Fresh hunt for Auditor to slow down State agencies

Former Auditor-General Edward Ouko. FILE PHOTO | NMG

What you need to know:

  • PSC Chairman Stephen Korogo said Wednesday that none of the 17 shortlisted candidates had met the threshold to replace former Auditor-General Edward Ouko whose term expired in August.

The government has restarted the process of recruiting the Auditor-General, a move that is set to further complicate financial planning at State corporations.

Public Service Commission (PSC) Chairman Stephen Korogo said Wednesday that none of the 17 shortlisted candidates had met the threshold to replace former Auditor-General Edward Ouko whose term expired in August.

The PSC is expected to readvertise the position anytime from now in what is likely to further drag the hunt for Mr Ouko’s replacement after running beyond the threshold prescribed in law.

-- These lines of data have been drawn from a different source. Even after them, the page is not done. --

lemma basic_model_unique:
  assumes fin: "finite D" and M1: "is_basic_model D p IC M1" and M2: "is_model D p IC M2"
    and supp: "supp_on (Pow D) M1 = supp_on (Pow D) M2" and w: "w \<in> Pow D"
  shows "M1 w = M2 w"
proof (cases "w \<in> supp_on (Pow D) M1")
  case True
  have "(\<Sum>w\<in>supp_on (Pow D) M1. pdb_coeff c w * M1 w) =
    (\<Sum>w\<in>supp_on (Pow D) M1. pdb_coeff c w * M2 w)" if "c \<in> insert None (Some ` D)" for c
  proof -
    have "(\<Sum>w\<in>supp_on (Pow D) M1. pdb_coeff c w * M1 w) = pdb_rhs p c"
      using M1 unfolding is_basic_model_def by (blast intro: model_constraints_on_support[OF fin _ that])
    moreover have "(\<Sum>w\<in>supp_on (Pow D) M2. pdb_coeff c w * M2 w) = pdb_rhs p c"
      by (rule model_constraints_on_support[OF fin M2 that])
    ultimately show ?thesis by (simp add: supp)
  qed
  then show ?thesis
    using M1 True by (intro independent_columns_solution_unique) (auto simp: is_basic_model_def)
next
  case False
  then show ?thesis using supp w by (auto simp: supp_on_def)
qed

lemma finite_basic_model_objectives:
  assumes fin: "finite D"
  shows "finite {(\<Sum>w\<in>Pow D. \<phi> w * M w) | M. is_basic_model D p IC M}"
proof -
  define pick where "pick S = (SOME M. is_basic_model D p IC M \<and> supp_on (Pow D) M = S)" for S
  have "{(\<Sum>w\<in>Pow D. \<phi> w * M w) | M. is_basic_model D p IC M}
      \<subseteq> (\<lambda>S. \<Sum>w\<in>Pow D. \<phi> w * pick S w) ` Pow (Pow D)"
  proof
    fix v assume "v \<in> {(\<Sum>w\<in>Pow D. \<phi> w * M w) | M. is_basic_model D p IC M}"
    then obtain M where v: "v = (\<Sum>w\<in>Pow D. \<phi> w * M w)" and M: "is_basic_model D p IC M"
      by blast
    let ?S = "supp_on (Pow D) M"
    have "is_basic_model D p IC (pick ?S) \<and> supp_on (Pow D) (pick ?S) = ?S"
      unfolding pick_def by (rule someI[of _ M]) (simp add: M)
    then have "M w = pick ?S w" if "w \<in> Pow D" for w
      using basic_model_unique[OF fin _ _ _ that] M by (metis is_basic_model_def)
    then have "v = (\<Sum>w\<in>Pow D. \<phi> w * pick ?S w)" unfolding v by simp
    moreover have "?S \<in> Pow (Pow D)" by (auto simp: supp_on_def)
    ultimately show "v \<in> (\<lambda>S. \<Sum>w\<in>Pow D. \<phi> w * pick S w) ` Pow (Pow D)" by blast
  qed
  then show ?thesis by (rule finite_subset) (simp add: fin)
qed

lemma exists_optimal_basic_model:
  assumes fin: "finite D" and cons: "consistent D p IC"
  obtains M where "is_basic_model D p IC M"
    "\<And>M'. is_model D p IC M' \<Longrightarrow> (\<Sum>w\<in>Pow D. \<phi> w * M w) \<le> (\<Sum>w\<in>Pow D. \<phi> w * M' w)"
proof -
  let ?V = "{(\<Sum>w\<in>Pow D. \<phi> w * M w) | M. is_basic_model D p IC M}"
  have V: "finite ?V" by (rule finite_basic_model_objectives[OF fin])
  obtain M0 where "is_model D p IC M0" using cons by (auto simp: consistent_def)
  then obtain M1 where "is_basic_model D p IC M1" by (rule exists_basic_model[OF fin])
  then have "?V \<noteq> {}" by blast
  with V have "Min ?V \<in> ?V" by (rule Min_in)
  then obtain M where M: "is_basic_model D p IC M" "(\<Sum>w\<in>Pow D. \<phi> w * M w) = Min ?V" by auto
  show thesis
  proof (rule that[OF M(1)])
    fix M' assume "is_model D p IC M'"
    then obtain M'' where M'': "is_basic_model D p IC M''"
      "(\<Sum>w\<in>Pow D. \<phi> w * M'' w) \<le> (\<Sum>w\<in>Pow D. \<phi> w * M' w)"
      by (rule exists_basic_model[OF fin])
    have "Min ?V \<le> (\<Sum>w\<in>Pow D. \<phi> w * M'' w)" using V M''(1) by (intro Min_le) auto
    with M(2) M''(2) show "(\<Sum>w\<in>Pow D. \<phi> w * M w) \<le> (\<Sum>w\<in>Pow D. \<phi> w * M' w)" by simp
  qed
qed

lemma query_prob_eq_sum:
  assumes "finite D"
  shows "query_prob D M Q t = (\<Sum>w\<in>Pow D. of_bool (sat_query w Q t) * M w)"
  unfolding query_prob_def by (rule sum_of_bool_mult[symmetric]) (simp add: assms)

lemma exists_basic_model_min_query_prob:
  assumes fin: "finite D" and cons: "consistent D p IC"
  obtains M where "is_basic_model D p IC M" "\<forall>x\<in>model_probs D p IC Q t. query_prob D M Q t \<le> x"
proof -
  obtain M where M: "is_basic_model D p IC M" and opt: "\<And>M'. is_model D p IC M' \<Longrightarrow>
      (\<Sum>w\<in>Pow D. of_bool (sat_query w Q t) * M w) \<le> (\<Sum>w\<in>Pow D. of_bool (sat_query w Q t) * M' w)"
    using exists_optimal_basic_model[OF fin cons, where \<phi> = "\<lambda>w. of_bool (sat_query w Q t)"] by blast
  show thesis
  proof (rule that[OF M], intro ballI)
    fix x assume "x \<in> model_probs D p IC Q t"
    then obtain M' where "is_model D p IC M'" "x = query_prob D M' Q t"
      by (auto simp: model_probs_def)
    then show "query_prob D M Q t \<le> x" using opt by (simp add: query_prob_eq_sum[OF fin])
  qed
qed

lemma exists_basic_model_max_query_prob:
  assumes fin: "finite D" and cons: "consistent D p IC"
  obtains M where "is_basic_model D p IC M" "\<forall>x\<in>model_probs D p IC Q t. x \<le> query_prob D M Q t"
proof -
  obtain M where M: "is_basic_model D p IC M" and opt: "\<And>M'. is_model D p IC M' \<Longrightarrow>
      (\<Sum>w\<in>Pow D. - of_bool (sat_query w Q t) * M w) \<le> (\<Sum>w\<in>Pow D. - of_bool (sat_query w Q t) * M' w)"
    using exists_optimal_basic_model[OF fin cons, where \<phi> = "\<lambda>w. - of_bool (sat_query w Q t)"] by blast
  show thesis
  proof (rule that[OF M], intro ballI)
    fix x assume "x \<in> model_probs D p IC Q t"
    then obtain M' where "is_model D p IC M'" "x = query_prob D M' Q t"
      by (auto simp: model_probs_def)
    then show "x \<le> query_prob D M Q t" using opt by (simp add: query_prob_eq_sum[OF fin] sum_negf)
  qed
qed

section \<open>Bounds on the extreme query probabilities\<close>

lemma max_num_den_ge_1:
  assumes "finite D"
  shows "1 \<le> max_num_den D p"
  unfolding max_num_den_def using assms by (intro Max_ge) auto

lemma denom_le_max_num_den:
  assumes "finite D" "u \<in> D"
  shows "snd (quotient_of (p u)) \<le> max_num_den D p"
  unfolding max_num_den_def using assms by (intro Max_ge) auto

lemma fact_mult_power_le:
  fixes a :: real
  assumes k: "k \<le> m" and a: "1 \<le> a"
  shows "fact k * a ^ k \<le> (real m * a) ^ m"
proof -
  have "fact k \<le> real k ^ k" using fact_le_power[of k, where 'a = real] by simp
  also have "\<dots> \<le> real m ^ k" using k by (intro power_mono) auto
  finally have "fact k * a ^ k \<le> (real m * a) ^ k"
    using a by (simp add: power_mult_distrib mult_right_mono)
  also have "\<dots> \<le> (real m * a) ^ m"
  proof (cases "m = 0")
    case True
    then show ?thesis using k by simp
  next
    case False
    then have "1 * 1 \<le> real m * a" using a by (intro mult_mono) auto
    then show ?thesis using k by (intro power_increasing) auto
  qed
  finally show ?thesis .
qed

lemma fraction_with_bounded_denominator:
  fixes q d :: real
  assumes q: "0 \<le> q" "q \<le> 1" and d: "d \<in> \<int>" "d \<noteq> 0" "d * q \<in> \<int>" "\<bar>d\<bar> \<le> of_int B"
  shows "\<exists>\<eta> \<delta> :: int. 0 \<le> \<eta> \<and> \<eta> \<le> B \<and> 0 < \<delta> \<and> \<delta> \<le> B \<and> q = of_int \<eta> / of_int \<delta>"
proof -
  obtain \<delta> where \<delta>: "\<bar>d\<bar> = of_int \<delta>" using Ints_abs[OF d(1)] Ints_cases by blast
  have "\<bar>d\<bar> * q \<in> \<int>" using d(3) by (cases "0 \<le> d") (auto simp: minus_mult_left[symmetric])
  then obtain \<eta> where \<eta>: "\<bar>d\<bar> * q = of_int \<eta>" using Ints_cases by blast
  have "0 < \<delta>" using \<delta> d(2) by simp
  moreover have "0 \<le> \<eta>" using \<eta> q(1) by (metis abs_ge_zero mult_nonneg_nonneg of_int_0_le_iff)
  moreover have "\<eta> \<le> \<delta>"
    using \<eta> \<delta> q(2) by (metis abs_ge_zero mult_left_le of_int_le_iff)
  moreover have "\<delta> \<le> B" using \<delta> d(4) by simp
  moreover have "q = of_int \<eta> / of_int \<delta>" using \<eta> \<delta> d(2) by (simp add: field_simps)
  ultimately show ?thesis by (intro exI[of _ \<eta>] exI[of _ \<delta>]) simp
qed

lemma query_prob_bounds:
  assumes "finite D" "is_model D p IC M"
  shows "0 \<le> query_prob D M Q t" "query_prob D M Q t \<le> 1"
proof -
  have M: "\<forall>w\<in>Pow D. 0 \<le> M w" "(\<Sum>w\<in>Pow D. M w) = 1"
    using assms(2) by (simp_all add: is_model_def pdb_interp_def)
  show "0 \<le> query_prob D M Q t" unfolding query_prob_def using M(1) by (intro sum_nonneg) auto
  have "query_prob D M Q t \<le> (\<Sum>w\<in>Pow D. M w)"
    unfolding query_prob_def using assms(1) M(1) by (intro sum_mono2) auto
  then show "query_prob D M Q t \<le> 1" using M(2) by simp
qed

lemma real_of_rat_eq_quotient_of:
  "real_of_rat r = of_int (fst (quotient_of r)) / of_int (snd (quotient_of r))"
proof -
  obtain n d where nd: "quotient_of r = (n, d)" by (cases "quotient_of r")
  then have "r = of_int n / of_int d" by (rule quotient_of_div)
  then show ?thesis using nd by (simp add: of_rat_divide)
qed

“After thorough analysis of the performance of the applicants, the panel submitted its report to the appointing authority. In its findings, the panel determined that it was unable to pick any names for nomination for appointment as Auditor-General,” Mr Kirogo said in a statement. The position, which had attracted 70 applicants, will now go through another selection process that is expected to stretch beyond the first quarter of 2020.
Already, the Kenya Electricity Generating Company (KenGen) has announced that it will delay its dividend payment for the year ended June after it was unable to publish results for the period due to a bureaucratic holdup.
The Nairobi Securities Exchange-listed firm could not release its financials because of the vacancy at the office of the Auditor-General, which audits books of State-controlled firms.
The State firm paid a dividend of Sh0.4 per share on February 7, 2019, being the payout for the year ended June 2018.
The further delay in publishing its results for the subsequent financial year and the annual general meeting means that the dividend for the review period, if any, will be paid much later than usual.
Analysts say this is likely to result in dumping of the company’s shares, especially by investors who had bought the stock in anticipation of a dividend around the normal payout dates.
Kenya Power and Kenya Pipeline Company, as well as several other State corporations, are also likely to suffer the same fate given that they have been equally affected by the vacancy at the Auditor-General’s office.
The electricity distributor, however, is not expected to declare a dividend for the year ended June.
It has warned investors that its net earnings for the period will be lower by at least 25 percent compared to the year before when it made Sh1.9 billion and failed to declare a dividend.
The Central Bank of Kenya (CBK) has also said that it cannot submit its audited books of accounts to Parliament due to the lack of a substantive Auditor-General to sign them.
Last month, acting Treasury Secretary Ukur Yatani, in a letter to National Assembly Speaker Justin Muturi, cited the vacancy in the National Audit Office for the bank’s failure to submit certified financial statements for the year 2018/2019.
Section 81 of the Public Finance Management Act, 2012 requires the accounting officer of a national government entity to, not later than three months after the end of each financial year, submit the financial statements to the Auditor-General amongst other constitutional offices and publicise the financial statements.
The delayed appointment of the Auditor-General will also leave the government shooting itself in the foot with crippled financial access even from the same corporations and difficulty in determining the accurate share to be allocated to counties.
The Auditor-General’s office is among the most independent with legal insulation from interference from any arm of the government.
“The Auditor-General shall not be subject to direction or control by any person or authority in carrying out his or her functions under the Constitution or under this Act,” reads section 10 of the Public Audit Act 2015.
The rejected nominees are said to have been largely drawn from the Auditor-General’s office, burning their chances of replacing their former boss in the fresh recruitment and heightening chances of having an outsider run the office.